SpaceShipTwo will be carried to about 15,200 m (50,000 ft) by the WhiteKnightTwo aircraft. The spaceship then ignites a rocket engine, taking passengers to a maximum altitude of 110 km (68 miles).

The vehicle would carry three instruments. One is going to measure CO2 and methane in the atmosphere. The second will take “flask samples”, allowing it to test for a much wider range of gases. These samples will be offloaded from the aircraft and taken to NOAA’s laboratories in Boulder, Colorado.

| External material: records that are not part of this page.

(* Let $\eta\in\mathbb{R}\setminus\{0\}$ and let $\varepsilon',\ell,m,M>0$. There exists $\xi_0=\xi_0(|\eta|,\varepsilon',\ell,m,M)\in\mathbb{N}^*$ with the following property. Let $X\subseteq\mathbb{R}^2$ be non-empty, let $\varepsilon>0$, and let $\gamma=\bigcup_{i\in S}I_i$ be a union of segments in $\mathbb{R}^2$ such that $\gamma$ is $\varepsilon$-dense in $X$, every $I_i$ has slope of absolute value less than $M$, and every $I_i$ has length greater than $\ell$. Then for every integer $\xi\ge\xi_0$ there is a subset $\gamma'\subseteq J_{\eta,\xi}(\gamma)$ which is a union of segments, is $(\varepsilon+\varepsilon')$-dense in $\mathrm{Str}(X,(0,\eta))$, whose segments all have slopes of absolute value greater than $m$, and whose segments all have length greater than $|\eta|$.
   Context: For $X,Y\subseteq\mathbb{R}^2$ and $\varepsilon>0$, $X$ is $\varepsilon$-dense in $Y$ if $Y\subseteq B_\varepsilon(X)$, the open $\varepsilon$-neighbourhood of $X$. For $v\in\mathbb{R}^2\setminus\{0\}$, $\mathrm{Str}(X,v)=X+[-v,v]$ (Minkowski sum with the segment from $-v$ to $v$). For $\xi\in\mathbb{N}^*$, $\phi_\xi:\mathbb{R}\to[-1,1]$ is the triangle wave $\phi_\xi(x)=(-1)^{z+1}(4\xi x-2z-1)$ for $z\in\mathbb{Z}$, $x\in[\frac{z}{2\xi},\frac{z+1}{2\xi})$, and for $\eta\ne0$, $J_{\eta,\xi}(x,y)=(x,y+\eta\phi_\xi(x))$, a homeomorphism of $\mathbb{R}^2$. *)

theory Defs
  imports "HOL-Analysis.Analysis"
begin

type_synonym pt = "real \<times> real"

definition eps_dense :: "real \<Rightarrow> pt set \<Rightarrow> pt set \<Rightarrow> bool" where
  "eps_dense e X Y \<longleftrightarrow> Y \<subseteq> (\<Union>x\<in>X. ball x e)"

definition Str :: "pt set \<Rightarrow> pt \<Rightarrow> pt set" where
  "Str X v = {x + t *\<^sub>R v | x t. x \<in> X \<and> t \<in> {-1..1}}"

definition tri_wave :: "nat \<Rightarrow> real \<Rightarrow> real" where
  "tri_wave \<xi> x = (let z = \<lfloor>2 * real \<xi> * x\<rfloor> in
      (-1) ^ nat (\<bar>z + 1\<bar>) * (4 * real \<xi> * x - 2 * of_int z - 1))"

definition J :: "real \<Rightarrow> nat \<Rightarrow> pt \<Rightarrow> pt" where
  "J \<eta> \<xi> p = (fst p, snd p + \<eta> * tri_wave \<xi> (fst p))"

definition seg_union :: "(pt \<times> pt) set \<Rightarrow> pt set" where
  "seg_union \<Gamma> = (\<Union>(a, b)\<in>\<Gamma>. closed_segment a b)"

text \<open>Segment [a,b] has slope of absolute value less than M (vertical segments: infinite slope).\<close>
definition slope_lt :: "real \<Rightarrow> pt \<times> pt \<Rightarrow> bool" where
  "slope_lt M s \<longleftrightarrow> (case s of (a, b) \<Rightarrow>
      fst a \<noteq> fst b \<and> \<bar>(snd b - snd a) / (fst b - fst a)\<bar> < M)"

text \<open>Segment [a,b] has slope of absolute value greater than m (vertical segments count).\<close>
definition slope_gt :: "real \<Rightarrow> pt \<times> pt \<Rightarrow> bool" where
  "slope_gt m s \<longleftrightarrow> (case s of (a, b) \<Rightarrow>
      fst a = fst b \<or> \<bar>(snd b - snd a) / (fst b - fst a)\<bar> > m)"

The third experiment will carry a tube sample, which empties of gases on the way up to high altitude and fills up on the way down.

Mr Whitehorn said that when SpaceShipTwo began flying, it could provide NOAA with regular sampling of gases through the outermost region of the atmosphere – known as the ionosphere – up to 110km above Earth.

This would be important for calibrating data from a major satellite mission called the Orbiting Carbon Observatory (OCO), which is designed to measure atmospheric carbon. The joint NOAA-NASA mission is due to launch next year.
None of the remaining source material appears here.